The breath catches in my throat.

I stare at him, my pulse hammering in my ears.

Naturally, I default to self-degradation. “Seamus. Stop . I’m supposed to believe I’m the fantasy of a devastatingly handsome neurosurgeon-to-be who’s essentially a decade younger than me—and a virgin to boot?”

“Yes. You should believe. It’s true.” He doesn’t flinch.

I roll my eyes way back into my head. “ Seamus —”

“Are we so different? You bury yourself in your work. So do I. You’re lonely.

So am I. You come from a big, chaotic family.

Same. You’re close with your parents. Same.

” His eyes flick over my face, searching.

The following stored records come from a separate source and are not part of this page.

definition holds :: "('a, 'w) model \<Rightarrow> 'w \<Rightarrow> 'a form \<Rightarrow> bool" where
  "holds M w \<phi> = sat (lift M) (w, []) \<phi>"

end

theory Submission
  imports Defs
begin

text \<open>Take \<pi> = p \<or> q for distinct atoms p, q, and \<phi> = \<box>(p \<rightarrow> q) on the one-world
  reflexive model where every atom is true.  The only prime implicate of \<pi> is p \<or> q, those of
  \<not>\<pi> are \<not>p and \<not>q.  Forgetting whether \<pi> creates, besides the original copy, one copy
  where p and q are both false and one where one of them is made true while the other stays
  true, so p \<rightarrow> q holds throughout the cluster.  Forgetting \<pi> and then \<not>\<pi> (with the
  implicate \<not>p) instead creates a copy where p is made true after q was made false,
  refuting \<box>(p \<rightarrow> q).\<close>

abbreviation POr :: "'a pform \<Rightarrow> 'a pform \<Rightarrow> 'a pform" where
  "POr a b \<equiv> PNeg (PAnd (PNeg a) (PNeg b))"

lemma not_clause_val_refuter:
  assumes "\<not> tautological D"
  shows "\<not> clause_val (\<lambda>x. (x, False) \<in> D) D"
proof
  assume "clause_val (\<lambda>x. (x, False) \<in> D) D"
  then obtain x b where "(x, b) \<in> D" and "((x, False) \<in> D) = b"
    unfolding clause_val_def by auto
  with assms show False
    unfolding tautological_def by (cases b) auto
qed

lemma literal_in_implicate:
  assumes "\<not> tautological D" and "entails_clause \<pi> D"
    and "peval ((\<lambda>x. (x, False) \<in> D)(p := b)) \<pi>"
  shows "(p, b) \<in> D"
proof -
  let ?v = "\<lambda>x. (x, False) \<in> D"
  obtain x c where "(x, c) \<in> D" and "(?v(p := b)) x = c"
    using assms(2,3) unfolding entails_clause_def clause_val_def by blast
  moreover have "?v x \<noteq> c"
    using \<open>(x, c) \<in> D\<close> not_clause_val_refuter[OF assms(1)] unfolding clause_val_def by blast
  ultimately show ?thesis by (cases "x = p") auto
qed

lemma Cl_minimal:
  assumes "D \<in> Cl \<pi>" and "E \<subseteq> D" and "entails_clause \<pi> E"
  shows "D = E"
  using assms unfolding Cl_def by blast

lemma singleton_in_Cl:
  assumes "entails_clause \<pi> {l}" and "\<not> entails_clause \<pi> {}"
  shows "{l} \<in> Cl \<pi>"
proof -
  have "\<not> tautological {l}"
    unfolding tautological_def by auto
  moreover have "\<not> (\<exists>D'. D' \<subset> {l} \<and> entails_clause \<pi> D')"
    using assms(2) by (auto simp: subset_singleton_iff)
  ultimately show ?thesis
    using assms(1) unfolding Cl_def by simp
qed

lemma Cl_cong:
  assumes "\<And>v. peval v \<pi> = peval v \<pi>'"
  shows "Cl \<pi> = Cl \<pi>'"
  using assms unfolding Cl_def entails_clause_def by simp

lemma Cl_disj_atoms:
  assumes "p \<noteq> q"
  shows "Cl (POr (PAtom p) (PAtom q)) = {{(p, True), (q, True)}}"
    (is "Cl ?\<pi> = {?E}")
proof
  have entails_E: "entails_clause ?\<pi> ?E"
    unfolding entails_clause_def clause_val_def by auto
  show "Cl ?\<pi> \<subseteq> {?E}"
  proof
    fix D assume D: "D \<in> Cl ?\<pi>"
    then have "\<not> tautological D" and "entails_clause ?\<pi> D"
      unfolding Cl_def by auto
    then have "(p, True) \<in> D" and "(q, True) \<in> D"
      using literal_in_implicate[of D ?\<pi> p True] literal_in_implicate[of D ?\<pi> q True]
      by simp_all
    then show "D \<in> {?E}"
      using Cl_minimal[OF D _ entails_E] by simp
  qed
  have proper_subset_fails: "\<not> entails_clause ?\<pi> D'" if "D' \<subset> ?E" for D'
  proof -
    have "(q, True) \<notin> D' \<or> (p, True) \<notin> D'"
      using that by auto
    then obtain r where r: "r = p \<or> r = q" and "(r, True) \<notin> D'"
      by blast
    then have "\<not> clause_val (\<lambda>x. x = r) D'"
      using that assms unfolding clause_val_def by auto
    moreover have "peval (\<lambda>x. x = r) ?\<pi>"
      using r by auto
    ultimately show ?thesis
      unfolding entails_clause_def by blast
  qed
  have "finite ?E" and "\<not> tautological ?E"
    using assms unfolding tautological_def by auto
  then show "{?E} \<subseteq> Cl ?\<pi>"
    using entails_E proper_subset_fails unfolding Cl_def by blast
qed

lemma Cl_conj_neg_atoms:
  "Cl (PAnd (PNeg (PAtom p)) (PNeg (PAtom q))) = {{(p, False)}, {(q, False)}}"
    (is "Cl ?\<pi> = _")
proof
  have entails_p: "entails_clause ?\<pi> {(p, False)}"
    and entails_q: "entails_clause ?\<pi> {(q, False)}"
    unfolding entails_clause_def clause_val_def by auto
  show "Cl ?\<pi> \<subseteq> {{(p, False)}, {(q, False)}}"
  proof
    fix D assume D: "D \<in> Cl ?\<pi>"
    then have "\<not> tautological D" and "entails_clause ?\<pi> D"
      unfolding Cl_def by auto
    then have "\<not> peval (\<lambda>x. (x, False) \<in> D) ?\<pi>"
      using not_clause_val_refuter unfolding entails_clause_def by blast
    then have "(p, False) \<in> D \<or> (q, False) \<in> D"
      by simp
    then show "D \<in> {{(p, False)}, {(q, False)}}"
      using Cl_minimal[OF D _ entails_p] Cl_minimal[OF D _ entails_q] by blast
  qed
  have "peval (\<lambda>_. False) ?\<pi>"
    by simp
  then have "\<not> entails_clause ?\<pi> {}"
    unfolding entails_clause_def clause_val_def by blast
  then show "{{(p, False)}, {(q, False)}} \<subseteq> Cl ?\<pi>"
    using singleton_in_Cl entails_p entails_q by blast
qed

lemma Cl_neg_disj_atoms:
  "Cl (PNeg (POr (PAtom p) (PAtom q))) = {{(p, False)}, {(q, False)}}"
proof -
  have "Cl (PNeg (POr (PAtom p) (PAtom q))) = Cl (PAnd (PNeg (PAtom p)) (PNeg (PAtom q)))"
    by (rule Cl_cong) simp
  then show ?thesis
    by (simp only: Cl_conj_neg_atoms)
qed
lemma next_dual_in_range: "y' - ys \<in> range (\<lambda>x. K *v x)"
proof -
  obtain w where "y - ys = K *v w" using dual_in_range by blast
  moreover have "y' - ys = (y - ys) + \<theta> *\<^sub>R (K *v (xh - xs))"
    unfolding y'_def by (simp add: feasible algebra_simps)
  ultimately have "y' - ys = K *v (w + \<theta> *\<^sub>R (xh - xs))"
    by (simp add: matrix_vector_right_distrib matrix_vector_mult_scaleR)
  then show ?thesis by blast
qed

lemma dual_norm2_diff:
  "dual_norm2 (y' - ys) - dual_norm2 (y - ys) = 2 * ((x' - xs) \<bullet> (transpose K *v (y' - ys))) - dual_norm2 (y' - y)"
proof -
  define v' dy c where "v' = y' - ys" and "dy = y' - y" and "c = \<eta> / (1 + \<eta> * \<mu>)"
  have "(1 / \<theta>) * (dy \<bullet> v') - c * ((transpose K *v dy) \<bullet> (transpose K *v v'))
      = ((1 / \<theta>) *\<^sub>R dy - c *\<^sub>R (K *v (transpose K *v dy))) \<bullet> v'"
    using inner_matrix_vector_mult_transpose[of K "transpose K *v dy" v']
    by (simp add: inner_diff_left inner_diff_right inner_commute)
  also have "\<dots> = (x' - xs) \<bullet> (transpose K *v v')"
    unfolding dy_def c_def dual_update by (rule inner_matrix_vector_mult_transpose)
  finally have cross: "(1 / \<theta>) * (dy \<bullet> v') - c * ((transpose K *v dy) \<bullet> (transpose K *v v'))
      = (x' - xs) \<bullet> (transpose K *v v')" .
  have split: "y - ys = v' - dy" unfolding v'_def dy_def by simp
  have "dual_norm2 (y - ys)
      = dual_norm2 v' - 2 * ((1 / \<theta>) * (dy \<bullet> v') - c * ((transpose K *v dy) \<bullet> (transpose K *v v'))) + dual_norm2 dy"
    unfolding split dual_norm2_def c_def power2_norm_eq_inner
    by (simp add: inner_commute algebra_simps)
  with cross show ?thesis unfolding v'_def dy_def by argo
qed

lemma lyapunov_identity:
  "lyapunov x' y' xf' = lyapunov x y xf - (1 / \<eta>) * (norm (x' - x))\<^sup>2 - dual_norm2 (y' - y)
     - bregman F g xf' xs - bregman F g xg xs - 2 * bregman F g xs xg - bregman_weight * bregman F g xf xg
     + (bregman_weight + 1) * bregman F g xf' xg - 2 * \<mu> * ((x' - xg) \<bullet> (x' - xs))"
proof -
  have split: "x - xs = (x' - xs) - (x' - x)" by simp
  have primal: "(1 / \<eta>) * (norm (x' - xs))\<^sup>2 - (1 / \<eta>) * (norm (x - xs))\<^sup>2
      = (2 / \<eta>) * ((x' - x) \<bullet> (x' - xs)) - (1 / \<eta>) * (norm (x' - x))\<^sup>2"
    unfolding split power2_norm_eq_inner by (simp add: inner_commute algebra_simps)
  have "(2 / \<eta>) * ((x' - x) \<bullet> (x' - xs)) = - 2 * ((g xg - g xs) \<bullet> (x' - xs))
      - 2 * \<mu> * ((x' - xg) \<bullet> (x' - xs)) - 2 * ((transpose K *v (y' - ys)) \<bullet> (x' - xs))"
    unfolding primal_update using eta_pos by (simp add: algebra_simps)
  moreover have "- 2 * ((g xg - g xs) \<bullet> (x' - xs)) = bregman_weight * bregman F g xf xs - (bregman_weight + 1) * bregman F g xf' xs
      - bregman F g xg xs - 2 * bregman F g xs xg - bregman_weight * bregman F g xf xg + (bregman_weight + 1) * bregman F g xf' xg"
    unfolding bregman_weight_def by (rule momentum_bregman_identity[OF tau_pos tau_le_1 xg_def xf'_def])
  ultimately show ?thesis
    using primal dual_norm2_diff unfolding lyapunov_eq by (simp add: inner_commute algebra_simps)
qed

definition "dissipation = (1 / (2 * \<eta>)) * (norm (x' - x))\<^sup>2 + bregman F g xf' xs
  + (norm (g xg - g xs))\<^sup>2 / (2 * L) + \<mu> * (norm (x' - xg))\<^sup>2 + \<mu> * (norm (x' - xs))\<^sup>2"

lemma momentum_bregman_le: "(bregman_weight + 1) * bregman F g xf' xg \<le> (1 / (2 * \<eta>)) * (norm (x' - x))\<^sup>2"
proof -
  have "(bregman_weight + 1) * bregman F g xf' xg \<le> (bregman_weight + 1) * (L / 2 * (norm (xf' - xg))\<^sup>2)"
    using bregman_weight_nonneg L_smooth_bregman_le[OF smoothness] by (simp add: mult_left_mono)
  also have "norm (xf' - xg) = (2 * \<tau> / (2 - \<tau>)) * norm (x' - x)"
    unfolding xf'_def using tau_pos tau_le_1 by simp
  also have "(bregman_weight + 1) * (L / 2 * ((2 * \<tau> / (2 - \<tau>)) * norm (x' - x))\<^sup>2)
      = (2 * L * \<tau> / (2 - \<tau>)) * (norm (x' - x))\<^sup>2"
  proof -
    have "bregman_weight + 1 = (2 - \<tau>) / \<tau>" unfolding bregman_weight_def using tau_pos by (simp add: field_simps)
    then show ?thesis using tau_pos tau_le_1 by (simp add: power2_eq_square)
  qed
  also have "\<dots> \<le> (2 * L * \<tau> / 1) * (norm (x' - x))\<^sup>2"
    using tau_pos tau_le_1 L_pos by (intro mult_right_mono divide_left_mono) auto
  also have "\<dots> = (1 / (2 * \<eta>)) * (norm (x' - x))\<^sup>2"
    unfolding eta_eq by simp
  finally show ?thesis .
qed

lemma lyapunov_decrease: "lyapunov x' y' xf' + dissipation \<le> lyapunov x y xf"
proof -
  have split: "xg - xs = (x' - xs) - (x' - xg)" by simp
  have "2 * \<mu> * ((x' - xg) \<bullet> (x' - xs))
      = \<mu> * (norm (x' - xg))\<^sup>2 + \<mu> * (norm (x' - xs))\<^sup>2 - \<mu> * (norm (xg - xs))\<^sup>2"
    unfolding split power2_norm_eq_inner by (simp add: inner_commute algebra_simps)
  moreover have "\<mu> * (norm (xg - xs))\<^sup>2 \<le> bregman F g xg xs + bregman F g xs xg"
    using strongly_convex_bregman_ge[OF gradient strong_convexity, of xg xs]
      strongly_convex_bregman_ge[OF gradient strong_convexity, of xs xg]
    by (simp add: norm_minus_commute)
  moreover have "(norm (g xg - g xs))\<^sup>2 / (2 * L) \<le> bregman F g xs xg"
    using bregman_ge_norm_gradient_diff[OF smoothness strong_convexity _ L_pos, of xs xg] mu_pos
    by (simp add: norm_minus_commute)
  moreover have "0 \<le> bregman_weight * bregman F g xf xg"
    using bregman_weight_nonneg bregman_nonneg[OF gradient strong_convexity] mu_pos by simp
  ultimately show ?thesis
    using lyapunov_identity momentum_bregman_le dual_norm2_nonneg[of "y' - y"]
    unfolding dissipation_def by (simp add: field_simps)
qed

“Neither of are fulfilled in our sex lives because we want to be with someone who matters, which I realize makes me sound like a fucking hypocrite. Everything you said about me tonight is true. It’s why, except for one time after Miranda, I put an end to the stairwell encounters two years ago.

I want to be with someone who matters. I want to be someone who matters. ”

My heart trips over itself.

His voice dips lower, like he’s saying something dangerous. Something true. “Every part of me wants to prove to you how fucking beautiful and desirable you are. Right. Fucking. Now.”

I swallow. Hard.

“I won’t though, because I respect you. We need boundaries.

I won’t do anything to make you question your professionalism or mine.

” He threads his fingers through his hair.

“We have a job to do. Miranda deserves justice. Caldwell needs to be held responsible.” His lips quirk up, barely.

“For now, maybe we can take the walls down and be friends.”

I stare at him, trying to piece together what the fuck is happening here.

Then he takes a step back, hands still in his pockets, like he hasn’t ripped apart everything I’ve ever believed about myself. “All bets are off once you get the settlement for Miranda, though.”

My stomach plummets.

I’ve been the dirty secret. The side piece. The one you fuck, not the one you keep.

I’ve never been the woman men fight for.

Seamus doesn’t look at me with shame.

He looks at me like I’m wanted—fully, publicly, dangerously.

My brain tells me to stay sharp.

My heart and soul want to believe him.